Dead C
Well-Known Member
I think y’all may be underestimating the generational significance as well. To a lot of people around my age (25) John Mayer was seemingly everywhere and was a massive pop culture icon whether you liked it or not and I recall people and peers swooning over his music and I imagine he is remembered fondly by members of my generation. The vinyl community is now made up of a lot of people my age who have been reveling in this past-time and a John Mayer record may indeed strike them as essential. To me it strikes me as THE essential John Mayer album to own and I always planned to have his music in my library at some point so I’m happy to get it through VMP treatment. We always have to look at these things subjectively where possible, for me Stevie Nicks was not essential based off enjoyability alone but that may be in large part due to my lack of associations with her i.e. nostalgia, generational relevance, etc etc. That being said with all the nasty racially fueled comments from JM this is an incredibly tone deaf ROTM and should’ve been weighed a bit further when it came to having this be the VMP sound track to another civil rights movement. I don’t think John Mayer is a genius songwriter but I do find his music to be the good mix of nostalgic, fun, and easy to listen to. We have all spent our money on albums that tick those boxes and have therefore deemed them essential records, I think perhaps this is a case of missed connections between generations. They’re probably trying to further scoop customers from my generation and this is a good album to do that with!

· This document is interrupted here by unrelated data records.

lemma width_has_derivative:
  assumes "u0 < y" "y < u pi"
  shows "(profile_width \<kappa> u0 r has_real_derivative cot (profile_angle \<kappa> u0 y)) (at y)"
proof -
  define z where "z = 1 - \<kappa> * (y\<^sup>2 - u0\<^sup>2) / 2"
  define \<psi> where "\<psi> = profile_angle \<kappa> u0 y"
  have z: "-1 < z" "z < 1" using angle_arg_strict_bounds[OF assms] by (auto simp: z_def)
  have \<psi>: "\<psi> \<in> {0<..<pi}" "cos \<psi> = z" "u \<psi> = y" "sin \<psi> = sqrt (1 - z\<^sup>2)"
    using angle_range_strict[OF assms] cos_angle[of y] u_angle[of y] sin_arccos[of z] z assms
    by (auto simp: \<psi>_def z_def profile_angle_def)
  have "((\<lambda>y. arccos (1 - \<kappa> * (y\<^sup>2 - u0\<^sup>2) / 2)) has_real_derivative
      inverse (- sqrt (1 - z\<^sup>2)) * (- (\<kappa> * y))) (at y)"
    using DERIV_arccos[OF z] unfolding z_def
    by (intro DERIV_chain2[where f = arccos]) (auto intro!: derivative_eq_intros)
  then have "(profile_width \<kappa> u0 r has_real_derivative
      cos \<psi> / (\<kappa> * u \<psi>) * (inverse (- sqrt (1 - z\<^sup>2)) * (- (\<kappa> * y)))) (at y)"
    unfolding profile_width_def profile_angle_def \<psi>_def
    by (intro DERIV_chain2[OF r_has_derivative]) (use \<psi> in \<open>auto simp: \<psi>_def profile_angle_def\<close>)
  moreover have "0 < sin \<psi>" using \<psi>(1) by (simp add: sin_gt_zero)
  then have "cos \<psi> / (\<kappa> * u \<psi>) * (inverse (- sqrt (1 - z\<^sup>2)) * (- (\<kappa> * y))) = cot \<psi>"
    using \<psi> kappa_pos assms base_pos by (simp add: cot_def field_simps)
  ultimately show ?thesis by (simp add: \<psi>_def)
qed

lemma width_strict_mono:
  assumes "u0 \<le> y" "y < y'" "y' \<le> u (pi / 2)"
  shows "profile_width \<kappa> u0 r y < profile_width \<kappa> u0 r y'"
  unfolding profile_width_def
proof (rule r_strict_mono)
  have "u (pi / 2) \<le> u pi" by (intro u_mono) auto
  then show "0 \<le> profile_angle \<kappa> u0 y" "profile_angle \<kappa> u0 y < profile_angle \<kappa> u0 y'"
    using angle_range[of y] angle_strict_mono[of y y'] assms by auto
  show "profile_angle \<kappa> u0 y' \<le> pi / 2" using angle_le[of "pi / 2" y'] assms by auto
qed

lemma channel_region_eq:
  assumes "0 \<le> \<gamma>" "\<gamma> \<le> pi"
  shows "channel_region r u \<gamma> = {(x, y). u0 \<le> y \<and> y \<le> u \<gamma> \<and> \<bar>x\<bar> \<le> profile_width \<kappa> u0 r y}"
proof (intro equalityI subsetI)
  fix p assume "p \<in> channel_region r u \<gamma>"
  then obtain x \<psi> where p: "p = (x, u \<psi>)" "0 \<le> \<psi>" "\<psi> \<le> \<gamma>" "\<bar>x\<bar> \<le> r \<psi>"
    by (auto simp: channel_region_def)
  then show "p \<in> {(x, y). u0 \<le> y \<and> y \<le> u \<gamma> \<and> \<bar>x\<bar> \<le> profile_width \<kappa> u0 r y}"
    using assms base_le_u[of \<psi>] u_mono[of \<psi> \<gamma>] angle_u[of \<psi>] by (auto simp: profile_width_def)
next
  fix p assume "p \<in> {(x, y). u0 \<le> y \<and> y \<le> u \<gamma> \<and> \<bar>x\<bar> \<le> profile_width \<kappa> u0 r y}"
  then obtain x y where p: "p = (x, y)" "u0 \<le> y" "y \<le> u \<gamma>" "\<bar>x\<bar> \<le> profile_width \<kappa> u0 r y"
    by auto
  moreover have "y \<le> u pi" using p u_mono[of \<gamma> pi] assms by auto
  ultimately show "p \<in> channel_region r u \<gamma>"
    unfolding channel_region_def using angle_range[of y] angle_le[of \<gamma> y] u_angle[of y] assms
    by (auto simp: profile_width_def intro!: bexI[of _ "profile_angle \<kappa> u0 y"])
qed

lemma interior_channel_region:
  assumes "0 \<le> \<gamma>" "\<gamma> \<le> pi"
  shows "{(x, y). u0 < y \<and> y < u \<gamma> \<and> \<bar>x\<bar> < profile_width \<kappa> u0 r y}
    \<subseteq> interior (channel_region r u \<gamma>)"
proof (rule interior_maximal)
  show "{(x, y). u0 < y \<and> y < u \<gamma> \<and> \<bar>x\<bar> < profile_width \<kappa> u0 r y} \<subseteq> channel_region r u \<gamma>"
    using channel_region_eq[OF assms] by auto
  define S where "S = (UNIV :: real set) \<times> {u0<..<u \<gamma>}"
  have "u \<gamma> \<le> u pi" using assms by (intro u_mono) auto
  then have "continuous_on S (\<lambda>p. profile_width \<kappa> u0 r (snd p) - \<bar>fst p\<bar>)"
    unfolding S_def
    by (intro continuous_intros continuous_on_compose2[OF continuous_on_width]) auto
  then have "open (S \<inter> (\<lambda>p. profile_width \<kappa> u0 r (snd p) - \<bar>fst p\<bar>) -` {0<..})"
    by (rule continuous_open_preimage) (auto simp: S_def intro: open_Times)
  moreover have "S \<inter> (\<lambda>p. profile_width \<kappa> u0 r (snd p) - \<bar>fst p\<bar>) -` {0<..}
      = {(x, y). u0 < y \<and> y < u \<gamma> \<and> \<bar>x\<bar> < profile_width \<kappa> u0 r y}"
    unfolding S_def by auto
  ultimately show "open {(x, y). u0 < y \<and> y < u \<gamma> \<and> \<bar>x\<bar> < profile_width \<kappa> u0 r y}"
    by simp
qed

end

lemma profile_width_antimono_base:
  assumes P: "kappa_profile \<kappa> a r u" and Q: "kappa_profile \<kappa> b rs us"
    and ab: "a \<le> b" and h: "0 \<le> h" "b + h \<le> us pi"
  shows "profile_width \<kappa> b rs (b + h) \<le> profile_width \<kappa> a r (a + h)"
proof -
  interpret P: kappa_profile \<kappa> a r u by (rule P)
  interpret Q: kappa_profile \<kappa> b rs us by (rule Q)
  have gain: "(a + x)\<^sup>2 - a\<^sup>2 \<le> (b + x)\<^sup>2 - b\<^sup>2" if "0 \<le> x" for x
    using ab that by (simp add: power2_eq_square algebra_simps mult_right_mono)
  have P_top: "a + x \<le> u pi" if "0 \<le> x" "b + x \<le> us pi" for x
  proof (rule power2_le_imp_le)
    have "(b + x)\<^sup>2 \<le> (us pi)\<^sup>2" using that Q.base_pos by (intro power_mono) auto
    then show "(a + x)\<^sup>2 \<le> (u pi)\<^sup>2" using gain[OF that(1)] P.u_pi_sq Q.u_pi_sq by simp
    show "0 \<le> u pi" using P.u_pos[of pi] by simp
  qed
  define D where "D x = profile_width \<kappa> a r (a + x) - profile_width \<kappa> b rs (b + x)" for x
  have "D 0 \<le> D h"
  proof (rule DERIV_nonneg_imp_increasing_open[OF h(1)])
    show "continuous_on {0..h} D" unfolding D_def using h P_top[OF h] P.base_pos Q.base_pos
      by (intro continuous_intros continuous_on_compose2[OF P.continuous_on_width]
          continuous_on_compose2[OF Q.continuous_on_width]) auto
    fix x assume x: "0 < x" "x < h"
    have P_in: "a < a + x" "a + x < u pi" using x h P_top[of h] by auto
    have Q_in: "b < b + x" "b + x < us pi" using x h by auto
    define \<psi>a \<psi>b where "\<psi>a = profile_angle \<kappa> a (a + x)" and "\<psi>b = profile_angle \<kappa> b (b + x)"
    have "(D has_real_derivative cot \<psi>a - cot \<psi>b) (at x)"
      unfolding D_def \<psi>a_def \<psi>b_def
      using P.width_has_derivative[OF P_in, unfolded add.commute[of a], THEN DERIV_shift[THEN iffD1]]
        Q.width_has_derivative[OF Q_in, unfolded add.commute[of b], THEN DERIV_shift[THEN iffD1]]
      by (intro derivative_intros) (simp_all add: add.commute)
    moreover have "\<psi>a \<le> \<psi>b"
      unfolding \<psi>a_def \<psi>b_def profile_angle_def
      using P.angle_arg_bounds[of "a + x"] Q.angle_arg_bounds[of "b + x"] P_in Q_in
        gain[of x] x P.kappa_pos
      by (subst arccos_le_mono) auto
    moreover have "0 < \<psi>a" "\<psi>b < pi"
      using P.angle_range_strict[OF P_in] Q.angle_range_strict[OF Q_in] by (auto simp: \<psi>a_def \<psi>b_def)
    ultimately show "\<exists>y. (D has_real_derivative y) (at x) \<and> 0 \<le> y"
      using cot_antimono[of \<psi>a \<psi>b] by auto
  qed
  moreover have "D 0 = 0" by (simp add: D_def profile_width_def profile_angle_def P.r_0 Q.r_0)
  ultimately show ?thesis by (simp add: D_def)
qed
(* Let $r\ge 3$ and let $T=T_0\oplus T_1$ be a finite-dimensional nilpotent module over the preprojective algebra $\Lambda$ of the graph with two vertices $0,1$ joined by $r$ edges, with graded socle filtration $0=U_0\subset U_1\subset U_2\subset\cdots$. Suppose $1\le j<k$ with $k-j$ even, and suppose the subquotient $U_k/U_j$ has a submodule of dimension vector $a\,\alpha_j+b\,\alpha_{j+1}$. Then $U_{k-1}/U_{j-1}$ has a submodule of dimension vector $b\,\alpha_{j+1}+c\,\alpha_j$ for some integer $c\le rb-a$. If moreover $j\ge 2$, then $c\ge b/r$.
   Context: Setup: $r\ge3$, $I=\{0,1\}$, Cartan matrix $\begin{pmatrix}2&-r\\-r&2\end{pmatrix}$, simple roots $\alpha_0,\alpha_1$. The graph has vertices $0,1$ and $r$ edges between them; the double quiver has arrows $0\to1$ and $1\to0$, one of each per edge, $\bar a$ denoting the reverse of $a$. Fix an orientation $\Omega$ (one arrow per edge), $\varepsilon(a)=\pm1$ according to $a\in\Omega$ or not. $\Lambda$ is the path algebra modulo the ideal generated by $\sum_a\varepsilon(a)\bar a a$. A $\Lambda$-module $T=T_0\oplus T_1$ is given by linear maps $x_a:T_{s(a)}\to T_{t(a)}$ for each arrow; nilpotent means all long enough paths act by $0$. The dimension vector of a graded module $S$ is $\dim S_0\,\alpha_0+\dim S_1\,\alpha_1$. For an index $k\ge1$, write $\alpha_k=\alpha_1$ if $k$ is odd and $\alpha_k=\alpha_0$ if $k$ is even, and similarly the vertex of $k$ is $1$ for $k$ odd, $0$ for $k$ even. The graded socle filtration is defined by $U_0=0$ and, for $k\ge1$ with vertex $i$, $U_k=U_{k-1}+\{v\in T_i: x_a(v)\in U_{k-1}\text{ for all arrows }a\text{ with }s(a)=i\}$ (so $U_1=\mathrm{Soc}(T)\cap T_1$). Each $U_k$ is a submodule. *)

theory Defs
  imports Complex_Main
begin

text \<open>
A graded module T = T0 (+) T1 over the preprojective algebra of the
graph with vertices 0,1 and r edges (indexed 0..<r) is given by two vector spaces
over a field 'k (carrier types 'a = T0 with scaling sa, 'b = T1 with scaling sb),
and for each edge e < r the arrow maps  A e : T0 -> T1  (arrow 0->1) and
B e : T1 -> T0  (arrow 1->0, the reverse of A e).  The orientation is
om :: nat => bool, where om e means the arrow 0->1 of edge e lies in Omega.
\<close>

definition eps0 :: "(nat \<Rightarrow> bool) \<Rightarrow> nat \<Rightarrow> 'k::field" where
  "eps0 om e = (if om e then 1 else -1)"

definition eps1 :: "(nat \<Rightarrow> bool) \<Rightarrow> nat \<Rightarrow> 'k::field" where
  "eps1 om e = (if om e then -1 else 1)"

text \<open>Composite of a sequence of 2-cycles 0->1->0 (resp. 1->0->1);
 a pair (e,f) means: first arrow of edge e, then the reverse arrow of edge f.\<close>
fun loop0 :: "(nat \<Rightarrow> 'a \<Rightarrow> 'b) \<Rightarrow> (nat \<Rightarrow> 'b \<Rightarrow> 'a) \<Rightarrow> (nat \<times> nat) list \<Rightarrow> 'a \<Rightarrow> 'a" where
  "loop0 A B [] = id"
| "loop0 A B ((e,f) # ps) = loop0 A B ps \<circ> B f \<circ> A e"

fun loop1 :: "(nat \<Rightarrow> 'a \<Rightarrow> 'b) \<Rightarrow> (nat \<Rightarrow> 'b \<Rightarrow> 'a) \<Rightarrow> (nat \<times> nat) list \<Rightarrow> 'b \<Rightarrow> 'b" where
  "loop1 A B [] = id"
| "loop1 A B ((e,f) # ps) = loop1 A B ps \<circ> A f \<circ> B e"

definition edges_in :: "nat \<Rightarrow> (nat \<times> nat) list \<Rightarrow> bool" where
  "edges_in r ps = (\<forall>(e,f)\<in>set ps. e < r \<and> f < r)"

definition preproj_module ::
  "('k::field \<Rightarrow> 'a::ab_group_add \<Rightarrow> 'a) \<Rightarrow> ('k \<Rightarrow> 'b::ab_group_add \<Rightarrow> 'b) \<Rightarrow> nat \<Rightarrow> (nat \<Rightarrow> bool)
    \<Rightarrow> (nat \<Rightarrow> 'a \<Rightarrow> 'b) \<Rightarrow> (nat \<Rightarrow> 'b \<Rightarrow> 'a) \<Rightarrow> bool" where
  "preproj_module sa sb r om A B \<longleftrightarrow>
     vector_space sa \<and> vector_space sb \<and>
     (\<forall>e<r. Vector_Spaces.linear sa sb (A e) \<and> Vector_Spaces.linear sb sa (B e)) \<and>
     (\<forall>v. (\<Sum>e<r. sa (eps0 om e) (B e (A e v))) = 0) \<and>
     (\<forall>w. (\<Sum>e<r. sb (eps1 om e) (A e (B e w))) = 0)"

definition fin_dim :: "('k::field \<Rightarrow> 'a::ab_group_add \<Rightarrow> 'a) \<Rightarrow> bool" where
  "fin_dim s \<longleftrightarrow> (\<exists>S. finite S \<and> module.span s S = UNIV)"

text \<open>Nilpotent: every path of length at least 2N (even: a product of N or more
 2-cycles; odd: such a product followed by one more arrow) acts by zero.\<close>
definition nilpotent_mod :: "nat \<Rightarrow> (nat \<Rightarrow> 'a::zero \<Rightarrow> 'b::zero) \<Rightarrow> (nat \<Rightarrow> 'b \<Rightarrow> 'a) \<Rightarrow> bool" where
  "nilpotent_mod r A B \<longleftrightarrow> (\<exists>N. \<forall>ps. edges_in r ps \<and> length ps \<ge> N \<longrightarrow>
      (\<forall>v. loop0 A B ps v = 0) \<and> (\<forall>w. loop1 A B ps w = 0) \<and>
      (\<forall>e<r. (\<forall>v. A e (loop0 A B ps v) = 0) \<and> (\<forall>w. B e (loop1 A B ps w) = 0)))"

text \<open>(Graded) submodule = pair of subspaces stable under all arrows.
 Over Lambda (containing the vertex idempotents) every submodule is graded.\<close>
definition is_submod ::
  "('k::field \<Rightarrow> 'a::ab_group_add \<Rightarrow> 'a) \<Rightarrow> ('k \<Rightarrow> 'b::ab_group_add \<Rightarrow> 'b) \<Rightarrow> nat
    \<Rightarrow> (nat \<Rightarrow> 'a \<Rightarrow> 'b) \<Rightarrow> (nat \<Rightarrow> 'b \<Rightarrow> 'a) \<Rightarrow> 'a set \<times> 'b set \<Rightarrow> bool" where
  "is_submod sa sb r A B W \<longleftrightarrow>
     module.subspace sa (fst W) \<and> module.subspace sb (snd W) \<and>
     (\<forall>e<r. A e ` fst W \<subseteq> snd W \<and> B e ` snd W \<subseteq> fst W)"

Thanks so much for posting this. It definitely answers my primary question in all of this. I wanted to understand if there was actually something that I was missing in regards to some sort of cultural significance and, until now, I wasn't seeing a lot of that addressed in this thread. That definitely makes more sense to me, based on your comments.
As for his racial insensitivity, he seems to have, somehow, slipped past that rather unscathed, somehow. As a fan of the Grateful Dead, my aversions to Mayer fall more within that realm than anything.